In-Depth
Deep Dive: Task-Based Asynchronous Pattern
This article introduces the TAP and the associated .NET language changes that streamline asynchronous programming and extend the multithreading enhancements in the Microsoft .NET Framework 4.
With each new version of the Microsoft .NET Framework and its associated languages, Microsoft has introduced key new features and capabilities to C# and Visual Basic. In the next versions (vNext) of .NET and C#/Visual Basic, Microsoft selected asynchronous programming as the area of focus. In this article, I delve into the details of the new API and the associated language changes that will accompany it.
Notice that the focus for vNext is on asynchrony and not multithreading. The .NET Framework 4 included a significant series of enhanced multithreading APIs: the Task Parallel Library (TPL) and Parallel LINQ (PLINQ). Although closely associated, multithreading and asynchrony are not synonymous. Asynchrony occurs when transitions of control- flow between the caller and the called become independent; execution of code in the caller is no longer synchronized with when the called code begins or completes. Multithreading enables asynchrony because it allows execution of code within the caller and the called to occur simultaneously and thereby independently. However, there are a myriad of other ways to achieve asynchrony. In fact, these alternatives can often be significantly more efficient than creating a new thread.

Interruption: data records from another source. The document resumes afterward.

text \<open>Root steps of CLC, where the condition x = y of the third rule is
interpreted by the relation E.\<close>
definition clc_root :: "('v trm \<times> 'v trm) set \<Rightarrow> ('v trm \<times> 'v trm) set" where
  "clc_root E =
     {(App (App (App Cc Tc) x) y, x) | x y. True}
   \<union> {(App (App (App Cc Fc) x) y, y) | x y. True}
   \<union> {(App (App (App Cc z) x) y, x) | x y z. (x, y) \<in> E}
   \<union> {(App (App Kc x) y, x) | x y. True}
   \<union> {(App (App (App Sc x) y) z, App (App x z) (App y z)) | x y z. True}"

text \<open>Levels: R_0 with empty condition (conditional rule not applicable),
R_{n+1} with the condition read as conversion of R_n.\<close>
primrec clc_lvl :: "nat \<Rightarrow> ('v trm \<times> 'v trm) set" where
  "clc_lvl 0 = ctxcl (clc_root {})"
| "clc_lvl (Suc n) = ctxcl (clc_root (conv (clc_lvl n)))"

definition clc_step :: "('v trm \<times> 'v trm) set" where
  "clc_step = (\<Union>n. clc_lvl n)"

definition clc_eq :: "('v trm \<times> 'v trm) set" where
  "clc_eq = conv clc_step"

definition R_root :: "('v trm \<times> 'v trm) set" where
  "R_root =
     {(App (App (App Cc Tc) x) y, x) | x y. True}
   \<union> {(App (App (App Cc z) x) y, y) | x y z. (z, Fc) \<in> clc_eq}
   \<union> {(App (App (App Cc z) x) y, x) | x y z. (z, Fc) \<notin> clc_eq \<and> (x, y) \<in> clc_eq}
   \<union> {(App (App Kc x) y, x) | x y. True}
   \<union> {(App (App (App Sc x) y) z, App (App x z) (App y z)) | x y z. True}"

definition R_step :: "('v trm \<times> 'v trm) set" where
  "R_step = ctxcl R_root"

definition confluent_rel :: "('a \<times> 'a) set \<Rightarrow> bool" where
  "confluent_rel r \<longleftrightarrow>
     (\<forall>a b c. (a, b) \<in> r\<^sup>* \<and> (a, c) \<in> r\<^sup>* \<longrightarrow> (\<exists>d. (b, d) \<in> r\<^sup>* \<and> (c, d) \<in> r\<^sup>*))"

end

theory Submission
  imports Defs "HOL-Library.Confluence"
begin

text \<open>
  The conditions of \<open>R\<close> refer to the fixed relation \<open>=\<^sub>C\<^sub>L\<^sub>C\<close>, which is a congruence
  containing every step of \<open>R\<close>. Hence the conditions are stable under reduction and \<open>R\<close>
  behaves like an unconditional system: parallel reduction has the triangle property
  with respect to complete development (Takahashi), and \<open>R\<close> is confluent. The only overlap
  that could break this, a redex \<open>C T x y\<close> with \<open>T =\<^sub>C\<^sub>L\<^sub>C F\<close>, is excluded by the consistency
  of CLC, which we obtain from an Engeler-style graph model with atoms for \<open>T\<close> and \<open>F\<close>.
\<close>

section \<open>Abstract rewriting\<close>

lemma conv_refl [simp]: "(a, a) \<in> conv r"
  unfolding conv_def by simp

To understand and appreciate the distinction between asynchronous programming without multiple threads and asynchronous programming that depends on additional threads, consider two examples. First, consider the case of programming a rich client application such as one using Windows Presentation Foundation (WPF). Imagine that such a program needs to execute another process and capture the output to display it in the UI. To achieve this, you could start the program on the UI thread and then block using one of the synchronous APIs like Process.WaitForExit. The obvious problem with this approach is that the UI thread will be blocked waiting for the launch process to exit, likely generating an unacceptable delay in program responsiveness for the user.
An alternative approach would be to start the process using Process.Start -- an asynchronous call -- after registering for a callback on Process.Exited.

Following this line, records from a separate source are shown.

(* Let $f:(\mathbb{R}^d)^n\to\mathbb{R}$ be a random layered network of the form $f=g\circ F_W$, where $F_W$ is a regular random convolutional layer with $d$ input channels and $g$ is a random layered network independent of $W$. Then $f$ is $\mathbb{SO}(d)$-invariant: for every $U\in\mathbb{SO}(d)$, the random function $Uf$ defined by $(Uf)(\vec{\mathbf{x}})=f(U^{-1}\vec{\mathbf{x}})$ has the same distribution as $f$.
   Context: $\mathbb{SO}(d)$ acts on $(\mathbb{R}^d)^n$ by $U\cdot(\mathbf{x}_1,\ldots,\mathbf{x}_n)=(U\mathbf{x}_1,\ldots,U\mathbf{x}_n)$. A layer is a map $\mathbf{x}\mapsto\sigma(W\mathbf{x})$ ($\sigma:\mathbb{R}\to\mathbb{R}$ applied coordinatewise); a layered network is a composition of layers. A convolutional layer of width $w$, stride $s$ (with $s\mid n-w$), $d_1$ input channels and $d_2\times(d_1w)$ weight matrix $W$ is $F_W(\vec{\mathbf{x}})=\left(\sigma(WT_{0}(\vec{\mathbf{x}})),\ldots,\sigma(WT_{\frac{n-w}{s}}(\vec{\mathbf{x}}))\right)$, where $T_i(\vec{\mathbf{x}})=(\mathbf{x}_{is+1},\ldots,\mathbf{x}_{is+w})\in\mathbb{R}^{d_1w}$. It is a regular random convolutional layer if $W$ is random and for every orthogonal $(d_1w)\times(d_1w)$ matrix $U$, $W$ and $WU$ have the same distribution. *)

theory Defs
  imports "HOL-Probability.Probability"
begin

text \<open>Vectors and matrices are represented as nat-indexed functions, with explicit dimensions;
entries outside the relevant index range are irrelevant (or zero).\<close>

type_synonym vec = "nat \<Rightarrow> real"
type_synonym mat = "nat \<Rightarrow> nat \<Rightarrow> real"

definition matS :: "mat measure" where
  "matS = PiM UNIV (\<lambda>_. PiM UNIV (\<lambda>_. borel))"

definition mat_mul :: "nat \<Rightarrow> nat \<Rightarrow> nat \<Rightarrow> mat \<Rightarrow> mat \<Rightarrow> mat" where
  "mat_mul m k l A B = (\<lambda>i j. if i < m \<and> j < l then (\<Sum>p<k. A i p * B p j) else 0)"

definition orthogonal_mat :: "nat \<Rightarrow> mat \<Rightarrow> bool" where
  "orthogonal_mat k U \<longleftrightarrow>
     (\<forall>i<k. \<forall>j<k. (\<Sum>p<k. U p i * U p j) = (if i = j then 1 else 0))"

definition mat_det :: "nat \<Rightarrow> mat \<Rightarrow> real" where
  "mat_det k U = (\<Sum>p\<in>{p. p permutes {..<k}}. of_int (sign p) * (\<Prod>i<k. U i (p i)))"

definition SO :: "nat \<Rightarrow> mat set" where
  "SO d = {U. orthogonal_mat d U \<and> mat_det d U = 1}"

definition mat_transpose :: "mat \<Rightarrow> mat" where
  "mat_transpose U = (\<lambda>i j. U j i)"

text \<open>Action of a d x d matrix V on (R^d)^n: (x_1,...,x_n) \<mapsto> (V x_1, ..., V x_n).
  An input is X :: nat \<Rightarrow> vec, X j being the (j+1)-th point (j < n).\<close>
definition act :: "nat \<Rightarrow> mat \<Rightarrow> (nat \<Rightarrow> vec) \<Rightarrow> (nat \<Rightarrow> vec)" where
  "act d V X = (\<lambda>j c. if c < d then (\<Sum>e<d. V c e * X j e) else 0)"

definition layer :: "nat \<Rightarrow> nat \<Rightarrow> (real \<Rightarrow> real) \<Rightarrow> mat \<Rightarrow> vec \<Rightarrow> vec" where
  "layer m k \<sigma> A x = (\<lambda>i. if i < m then \<sigma> (\<Sum>j<k. A i j * x j) else 0)"

text \<open>Layered network with widths ks = [k_0,...,k_L], activations \<sigma>s (length L) and weights Ws l
  (a k_(l+1) x k_l matrix): composition of the first l layers.\<close>
primrec net :: "nat list \<Rightarrow> (real \<Rightarrow> real) list \<Rightarrow> (nat \<Rightarrow> mat) \<Rightarrow> nat \<Rightarrow> vec \<Rightarrow> vec" where
  "net ks \<sigma>s Ws 0 x = x"
| "net ks \<sigma>s Ws (Suc l) x = layer (ks ! Suc l) (ks ! l) (\<sigma>s ! l) (Ws l) (net ks \<sigma>s Ws l x)"

text \<open>T_i(x) = (x_{is+1},...,x_{is+w}) in R^{d w} (0-based indices here).\<close>
definition conv_T :: "nat \<Rightarrow> nat \<Rightarrow> nat \<Rightarrow> nat \<Rightarrow> (nat \<Rightarrow> vec) \<Rightarrow> vec" where
  "conv_T d w s i X = (\<lambda>p. if p < d * w then X (i * s + p div d) (p mod d) else 0)"

text \<open>Convolutional layer F_W with width w, stride s, d input channels, d2 output channels;
  W is a d2 x (d w) matrix. Output: ((n-w)/s + 1) points of R^{d2}.\<close>
definition conv_layer :: "nat \<Rightarrow> nat \<Rightarrow> nat \<Rightarrow> nat \<Rightarrow> nat \<Rightarrow> (real \<Rightarrow> real) \<Rightarrow> mat
    \<Rightarrow> (nat \<Rightarrow> vec) \<Rightarrow> (nat \<Rightarrow> vec)" where
  "conv_layer d w s n d2 \<sigma> W X =
     (\<lambda>i. if i \<le> (n - w) div s then layer d2 (d * w) \<sigma> W (conv_T d w s i X) else (\<lambda>_. 0))"

definition flatten :: "nat \<Rightarrow> nat \<Rightarrow> (nat \<Rightarrow> vec) \<Rightarrow> vec" where
  "flatten d2 m Y = (\<lambda>q. if q < m * d2 then Y (q div d2) (q mod d2) else 0)"

definition conv_net :: "nat \<Rightarrow> nat \<Rightarrow> nat \<Rightarrow> nat \<Rightarrow> nat \<Rightarrow> (real \<Rightarrow> real) \<Rightarrow> mat
    \<Rightarrow> nat list \<Rightarrow> (real \<Rightarrow> real) list \<Rightarrow> (nat \<Rightarrow> mat) \<Rightarrow> (nat \<Rightarrow> vec) \<Rightarrow> real" where
  "conv_net d w s n d2 \<sigma> W ks \<sigma>s Ws X =
     net ks \<sigma>s Ws (length \<sigma>s) (flatten d2 ((n - w) div s + 1) (conv_layer d w s n d2 \<sigma> W X)) 0"

definition regular_random_matrix :: "'a measure \<Rightarrow> nat \<Rightarrow> nat \<Rightarrow> ('a \<Rightarrow> mat) \<Rightarrow> bool" where
  "regular_random_matrix M m k W \<longleftrightarrow> W \<in> measurable M matS \<and>
     (\<forall>U. orthogonal_mat k U \<longrightarrow> distr M matS W = distr M matS (\<lambda>\<omega>. mat_mul m k k (W \<omega>) U))"

definition indep_rv :: "'a measure \<Rightarrow> 'b measure \<Rightarrow> ('a \<Rightarrow> 'b) \<Rightarrow> 'c measure \<Rightarrow> ('a \<Rightarrow> 'c) \<Rightarrow> bool" where
  "indep_rv M S X T Y \<longleftrightarrow> X \<in> measurable M S \<and> Y \<in> measurable M T \<and>
     prob_space.indep_set M
       (sigma_sets (space M) {X -` A \<inter> space M | A. A \<in> sets S})
       (sigma_sets (space M) {Y -` A \<inter> space M | A. A \<in> sets T})"

end

theory Submission
  imports "Jordan_Normal_Form.Determinant" Defs
begin

(* Rotating every input point by U^T changes each convolution window T_i(x) by the orthogonal
   block-diagonal matrix B = diag(U^T, ..., U^T), so the rotated network is the network with
   first-layer weight W B in place of W. Regularity gives W B ~ W, and as the remaining weights Ws
   are independent of W, the pairs (W B, Ws) and (W, Ws) have the same joint law; the network is a
   measurable function of this pair. *)

lemma sum_lessThan_mult_blocks:
  fixes f :: "nat \<Rightarrow> 'b::comm_monoid_add"
  shows "(\<Sum>p<d * w. f p) = (\<Sum>q<w. \<Sum>e<d. f (q * d + e))"
proof -
  have "(\<Sum>e<d. f (q * d + e)) = sum f {q * d..<q * d + d}" for q
    using sum.shift_bounds_nat_ivl[of f 0 "q * d" d] by (simp add: atLeast0LessThan add.commute)
  then show ?thesis by (simp add: sum.nat_group mult.commute)
qed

The caveat with this approach is the need to always use the dispatcher to make a context switch back to the UI thread in order to update the display, because the Process.Exited event is unlikely to be executed on the UI thread. (You should never call into the UI from a thread other than the UI thread.) Similarly, any updates to the status during the execution will also need to make the synchronization context switch.

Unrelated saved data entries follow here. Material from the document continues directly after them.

text \<open>Against a deviation with likelihood ratio \<open>\<Lambda>\<close>, incentive compatibility forces the shortfall
  of the wage below its mean to have second moment of order \<open>\<Delta>\<^sup>2 / K\<close>, and strong concavity
  turns this second moment into a premium over the wage \<open>wc\<close> that meets participation.\<close>
lemma mean_wage_lower_bound:
  fixes P :: "'b measure" and \<Lambda> w :: "'b \<Rightarrow> real"
  assumes P: "prob_space P" and Pa: "prob_space (density P \<Lambda>)"
    and [measurable]: "\<Lambda> \<in> borel_measurable P" and \<Lambda>_nonneg: "\<And>x. 0 \<le> \<Lambda> x"
    and w: "integrable P w" "\<forall>x\<in>space P. wl \<le> w x"
    and IR: "u wc \<le> (\<integral>x. u (w x) \<partial>P)" and "wl \<le> wc"
    and IC: "integrable (density P \<Lambda>) (\<lambda>x. u (w x))"
      "(\<integral>x. u (w x) \<partial>density P \<Lambda>) \<le> (\<integral>x. u (w x) \<partial>P) - \<Delta>"
    and "0 < \<Delta>" and curv: "\<forall>t\<in>{wl..wc + 1}. u'' t \<le> - \<kappa>" "0 < \<kappa>" and "0 < K"
    and tail: "(u (wc + 1) - u wl) * measure (density P \<Lambda>) {x\<in>space P. K \<le> \<Lambda> x} \<le> \<Delta> / 2"
  shows "wc + min 1 (\<kappa> * \<Delta>\<^sup>2 / (8 * u' wc * (u' wl)\<^sup>2 * K)) \<le> (\<integral>x. w x \<partial>P)"
proof (cases "wc + 1 \<le> (\<integral>x. w x \<partial>P)")
  case False
  interpret prob_space P by fact
  define W where "W = (\<integral>x. w x \<partial>P)"
  define Y where "Y x = max 0 (W - w x)" for x
  define Q where "Q = (\<integral>x. (Y x)\<^sup>2 \<partial>P)"
  define D where "D x = max 0 (u W - u (w x))" for x
  have [measurable]: "w \<in> borel_measurable P" "(\<lambda>x. u (w x)) \<in> borel_measurable P"
    using w by (auto intro: borel_measurable_integrable measurable_u_comp)
  have "wl \<le> W"
    using w unfolding W_def by (intro integral_ge_const) (auto intro!: AE_I2)
  have Jensen: "(\<integral>x. u (w x) \<partial>P) + \<kappa> / 2 * Q \<le> u W"
    using strong_Jensen[OF P w] curv False by (simp add: W_def Y_def Q_def)
  have "0 \<le> \<kappa> / 2 * Q"
    using \<open>0 < \<kappa>\<close> unfolding Q_def by (simp add: integral_nonneg_AE)
  then have "\<Delta> \<le> u W - (\<integral>x. u (w x) \<partial>density P \<Lambda>)"
    using Jensen IC(2) by linarith
  also have "\<dots> \<le> (\<integral>x. D x \<partial>density P \<Lambda>)"
    unfolding D_def by (rule integral_pos_part_ge[OF Pa IC(1)])
  finally have mean: "\<Delta> \<le> (\<integral>x. D x \<partial>density P \<Lambda>)" .
  have D: "0 \<le> D x \<and> D x \<le> u (wc + 1) - u wl \<and> D x \<le> u' wl * Y x" if "x \<in> space P" for x
    using utility_shortfall_bounds[of "w x" W "wc + 1"] w that \<open>wl \<le> W\<close> False
    by (simp add: D_def Y_def W_def)
  have "integrable P (\<lambda>x. (u' wl * Y x)\<^sup>2)"
    unfolding power_mult_distrib Y_def using w
    by (intro integrable_mult_right integrable_shortfall_sq) auto
  from second_moment_lower_bound[OF Pa _ _ \<Lambda>_nonneg D this \<open>0 < K\<close> \<open>0 < \<Delta>\<close> mean]
  have "\<Delta>\<^sup>2 \<le> 4 * K * ((u' wl)\<^sup>2 * Q)"
    using tail by (simp add: Q_def D_def power_mult_distrib)
  moreover have "\<kappa> / 2 * Q \<le> u' wc * (W - wc)"
    using Jensen IR u_le_tangent[OF \<open>wl \<le> wc\<close> \<open>wl \<le> W\<close>] by linarith
  ultimately have "\<kappa> * \<Delta>\<^sup>2 / (8 * u' wc * (u' wl)\<^sup>2 * K) \<le> W - wc"
    using u'_pos[of wl] u'_pos[OF \<open>wl \<le> wc\<close>] \<open>0 < K\<close> \<open>0 < \<kappa>\<close>
    by (intro gap_from_second_moment) auto
  then show ?thesis
    by (simp add: W_def)
qed (use \<open>0 < \<kappa>\<close> in auto)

The second scenario takes place on the server, where a request comes in from a client to query an entire table's worth of data from the database. Because querying the data could be time-consuming, a new thread should be created rather than consuming one from the limited number allocated to the thread pool. The problem with this approach is that the work to query from the database is executing entirely on another machine. There's no reason to block an entire thread, because the thread is generally not active anyway.
By understanding these two scenarios, it's clear why multithreading alone was not sufficient to address asynchrony. Although multithreading increases the frequency with which asynchrony occurs, the release of the TPL and PLINQ was not accompanied with any language changes that improved the asynchronous programming experience (multithreaded or otherwise). This means that the cumbersome approach involving callbacks and the potential synchronization complexities that result were not addressed at all. Fortunately, as mentioned earlier, asynchrony is the focus of the next version of the .NET Framework, with the introduction of the Task-based Asynchronous Pattern (TAP). Furthermore, the TAP API will come with important language enhancements to both C# and Visual Basic.
The TAP was created to address these key problems:
- There's a need to allow long-running activities to occur without blocking the UI thread.
- Creating a new thread (or Task) for non-CPU-intensive work is relatively expensive when you consider that all the thread is doing is waiting for the activity to complete.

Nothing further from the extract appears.